In the summer of 2018 I travelled through the West Coast of America with my boyfriend. It was a beautiful trip and we stayed at our friends’ and families homes, which was great, but what struck me was the amount of single-use plastic people were consuming. By drinking water from single-use plastic bottles or getting a lot of single-use takeout food containers. While I was judging them, I questioned myself: Am I doing it any better at home?

I like to call myself a conscious human being, but when I collected my single-use plastic waste of four weeks the results were shocking. I ended up with 60 litres of trash, which is 720 litres a year produced by two people living together.


Plastic waste 2018

In my single-use-plastic collection were 114 pieces of plastic divided into 8 categories. The biggest category was ‘Dinner’ followed by ‘Veggies and fruit’ and ‘Breakfast’. It was obvious that most of our plastic came from the kitchen as packaging material for our food.

Surely, I had to make some changes. A year later, in 2019, I repeated this project.
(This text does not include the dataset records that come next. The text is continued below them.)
(* Let $0<\epsilon<\pi/2$. For the navigation model with parameter $\epsilon$, every configuration of $\mathscr{C}'$ is $1$-looping.
   Context: $d=2$; a marked point is $x=(\xi,u)\in\mathbb{R}^2\times[0,1]$. Navigation model with parameter $\epsilon$: for $x=(\xi,u)$ let $C(x)=\xi+\{(r\cos\beta,r\sin\beta):r>0,\ |\beta-2\pi u|<\epsilon\}$; for a locally finite configuration $\varphi\subset\mathbb{R}^2\times[0,1]$ and $x\in\varphi$, $h(\varphi,x)$ is the marked point of $\varphi$ whose location is the unique closest point to $\xi$ (Euclidean norm) among the locations of points of $\varphi$ lying in $C(x)$; $\mathscr{C}'$ is the set of configurations for which these closest points exist and are unique for every $x\in\varphi$. Graph edges $x\to h(\varphi,x)$; $\mathrm{For}(x,\varphi)=\{x,h(\varphi,x),h(\varphi,h(\varphi,x)),\dots\}$; $\mathrm{Back}(x,\varphi)=\{y\in\varphi:x\in\mathrm{For}(y,\varphi)\}$. $k$-looping: $\varphi\in\mathscr{C}'$ is $k$-looping if for every $x\in\varphi$ there is an open ball $A_x\subset(\mathbb{R}^2\times[0,1])^k$ such that for all $(x_1,\dots,x_k)\in A_x$ (with $\varphi\cup\{x_1,\dots,x_k\}\in\mathscr{C}'$): (i) $\mathrm{For}(x,\varphi\cup\{x_1,\dots,x_k\})\subset\{x,x_1,\dots,x_k\}$; (ii) each $x_i$ lies in the connected component of $x$ in the graph on $\varphi\cup\{x_1,\dots,x_k\}$ and $\mathrm{For}(x_i,\varphi\cup\{x_1,\dots,x_k\})\subset\{x,x_1,\dots,x_k\}$; (iii) every $y\in\varphi\setminus\{x\}$ with $h(\varphi\cup\{x_1,\dots,x_k\},y)\ne h(\varphi,y)$ satisfies $h(\varphi\cup\{x_1,\dots,x_k\},y)\in\mathrm{Back}(x,\varphi\cup\{x_1,\dots,x_k\})\cap\{x,x_1,\dots,x_k\}$. *)

theory Defs
  imports "HOL-Analysis.Analysis"
begin

type_synonym mpoint = "(real \<times> real) \<times> real"

definition mark_space :: "mpoint set" where
  "mark_space = UNIV \<times> {0..1}"

definition cone :: "real \<Rightarrow> mpoint \<Rightarrow> (real \<times> real) set" where
  "cone eps x = {fst x + (r * cos b, r * sin b) | r b. r > 0 \<and> \<bar>b - 2 * pi * snd x\<bar> < eps}"

definition locally_finite_conf :: "mpoint set \<Rightarrow> bool" where
  "locally_finite_conf phi \<longleftrightarrow> phi \<subseteq> mark_space \<and> (\<forall>B. bounded B \<longrightarrow> finite (phi \<inter> B))"

definition is_closest :: "real \<Rightarrow> mpoint set \<Rightarrow> mpoint \<Rightarrow> mpoint \<Rightarrow> bool" where
  "is_closest eps phi x y \<longleftrightarrow> y \<in> phi \<and> fst y \<in> cone eps x \<and>
     (\<forall>z\<in>phi. fst z \<in> cone eps x \<longrightarrow> dist (fst x) (fst y) \<le> dist (fst x) (fst z))"

definition Cprime :: "real \<Rightarrow> mpoint set set" where
  "Cprime eps = {phi. locally_finite_conf phi \<and> (\<forall>x\<in>phi. \<exists>!y. is_closest eps phi x y)}"

definition nav :: "real \<Rightarrow> mpoint set \<Rightarrow> mpoint \<Rightarrow> mpoint" where
  "nav eps phi x = (THE y. is_closest eps phi x y)"

definition For :: "real \<Rightarrow> mpoint \<Rightarrow> mpoint set \<Rightarrow> mpoint set" where
  "For eps x phi = {(nav eps phi ^^ n) x | n. True}"

definition Back :: "real \<Rightarrow> mpoint \<Rightarrow> mpoint set \<Rightarrow> mpoint set" where
  "Back eps x phi = {y \<in> phi. x \<in> For eps y phi}"

definition nav_edges :: "real \<Rightarrow> mpoint set \<Rightarrow> (mpoint \<times> mpoint) set" where
  "nav_edges eps phi = {(y, nav eps phi y) | y. y \<in> phi}"

definition component :: "real \<Rightarrow> mpoint set \<Rightarrow> mpoint \<Rightarrow> mpoint set" where
  "component eps phi x = {y. (x, y) \<in> (nav_edges eps phi \<union> (nav_edges eps phi)\<inverse>)\<^sup>*}"

definition tuple_ball :: "nat \<Rightarrow> mpoint list \<Rightarrow> real \<Rightarrow> mpoint list set" where
  "tuple_ball k c r = {xs. length xs = k \<and>
      sqrt (\<Sum>i<k. (dist (xs ! i) (c ! i))\<^sup>2) < r}"

definition k_looping :: "real \<Rightarrow> nat \<Rightarrow> mpoint set \<Rightarrow> bool" where
  "k_looping eps k phi \<longleftrightarrow> phi \<in> Cprime eps \<and>
    (\<forall>x\<in>phi. \<exists>c r. length c = k \<and> r > 0 \<and>
       tuple_ball k c r \<subseteq> {xs. set xs \<subseteq> mark_space} \<and>
       (\<forall>xs\<in>tuple_ball k c r. phi \<union> set xs \<in> Cprime eps \<longrightarrow>
          (let psi = phi \<union> set xs; S = insert x (set xs) in
             For eps x psi \<subseteq> S \<and>
             (\<forall>xi\<in>set xs. xi \<in> component eps psi x \<and> For eps xi psi \<subseteq> S) \<and>
             (\<forall>y\<in>phi - {x}. nav eps psi y \<noteq> nav eps phi y \<longrightarrow>
                nav eps psi y \<in> Back eps x psi \<inter> S))))"

end

theory Submission
  imports Defs
begin

text \<open>For a point \<open>x\<close> of the configuration, place a new point \<open>x1\<close> inside the cone of \<open>x\<close>,
  closer to \<open>x\<close> than half the distance to every other location of the configuration, and give
  it the mark whose direction points back at \<open>x\<close>. Then \<open>x\<close> and \<open>x1\<close> navigate to each other,
  and any other point whose target changes must now point at \<open>x1\<close>, which lies in
  \<open>Back x\<close>. All requirements are strict inequalities, so they persist on a whole ball of
  choices for \<open>x1\<close>.\<close>

definition unit_dir :: "real \<Rightarrow> real \<times> real" where
  "unit_dir t = (cos t, sin t)"

lemma norm_unit_dir [simp]: "norm (unit_dir t) = 1"
  by (simp add: unit_dir_def norm_Pair)

lemma inner_unit_dir: "inner (unit_dir s) (unit_dir t) = cos (s - t)"
  by (simp add: unit_dir_def cos_diff)

lemma continuous_on_unit_dir [continuous_intros]:
  fixes f :: "'a::t2_space \<Rightarrow> real"
  shows "continuous_on S f \<Longrightarrow> continuous_on S (\<lambda>x. unit_dir (f x))"
  unfolding unit_dir_def by (intro continuous_intros)

lemma unit_dir_surj:
  assumes "norm e = 1"
  obtains t where "e = unit_dir t"
proof -
  obtain p q where e: "e = (p, q)" by (cases e)
  have "p\<^sup>2 + q\<^sup>2 = 1"
    using assms by (simp add: e norm_Pair)
  then obtain t where "p = cos t" "q = sin t"
    by (rule sincos_total_2pi)
  with e show ?thesis
    using that unfolding unit_dir_def by blast
qed

lemma unit_dir_principal: obtains t' where "\<bar>t'\<bar> \<le> pi" "unit_dir t' = unit_dir t"
proof -
  obtain s where s: "0 \<le> s" "s < 2 * pi" "unit_dir s = unit_dir t"
    using sincos_total_2pi[OF sin_cos_squared_add2[of t]] unfolding unit_dir_def by metis
  show ?thesis
  proof (cases "s \<le> pi")
    case True
    with s show ?thesis using that[of s] by simp
  next
    case False
    have "unit_dir (s - 2 * pi) = unit_dir t"
      using s(3) by (simp add: unit_dir_def cos_diff sin_diff)
    with s False show ?thesis using that[of "s - 2 * pi"] by simp
  qed
qed

lemma fst_notin_cone: "fst x \<notin> cone eps x"
proof
  assume "fst x \<in> cone eps x"
  then obtain r b where "r > 0" "fst x = fst x + (r * cos b, r * sin b)"
    unfolding cone_def by auto
  then have "cos b = 0" "sin b = 0" by (auto simp: zero_prod_def)
  then show False using sin_cos_squared_add[of b] by simp
qed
I collected my single-use-plastic, but this year I ended up with only 5 liters of waste.


Plastic waste 2019

My single-use-plastic collection went form 114 pieces of plastic to 18 pieces in just a year. The biggest categorie this time being the bathroom. I started sporting but it is very frustrating with glasses on so occasionally I wear contact lenses that leaves me with plastic packaging waste.

This project is an ongoing investigation into the waste we create. By acknowledging how much trash we produce, where it travels and what pollution that results in, we realise the contribution we all make on global warming.


“We don’t need a handful of people doing zero waste perfectly. We need millions of people doing it imperfectly.”
– Anne Marie Bonneau







What is in the trash? - Data Design by Dora Varga from Dora Varga on Vimeo.


After analysing my own waste I wanted to take this project on the next level. Therefore, I had analysed the waste that has been created in three days on the ground floor in Blaak building at Willem de Kooning Academy. By separating the trash I could physically visualise the data and see, how many litres of the trash was recyclable, compostable or is solid waste.

In the three days I collected 720 liters of waste. Only 10% was compostable. Which is a very good sign that shows that the students don’t produce a lot of food waste.

70% of the trash could be recycled. Think of paper, plastic, glass or cans. That is 504 liters of materials that could be re-used or recycled for something else, even within school for an art project.

19% was solid waste. Things such as drinking cups, no they are not recyclable because of the plastic layer on the inside.

1% is unknown. This one precent were copper wires, USB stick and headphones.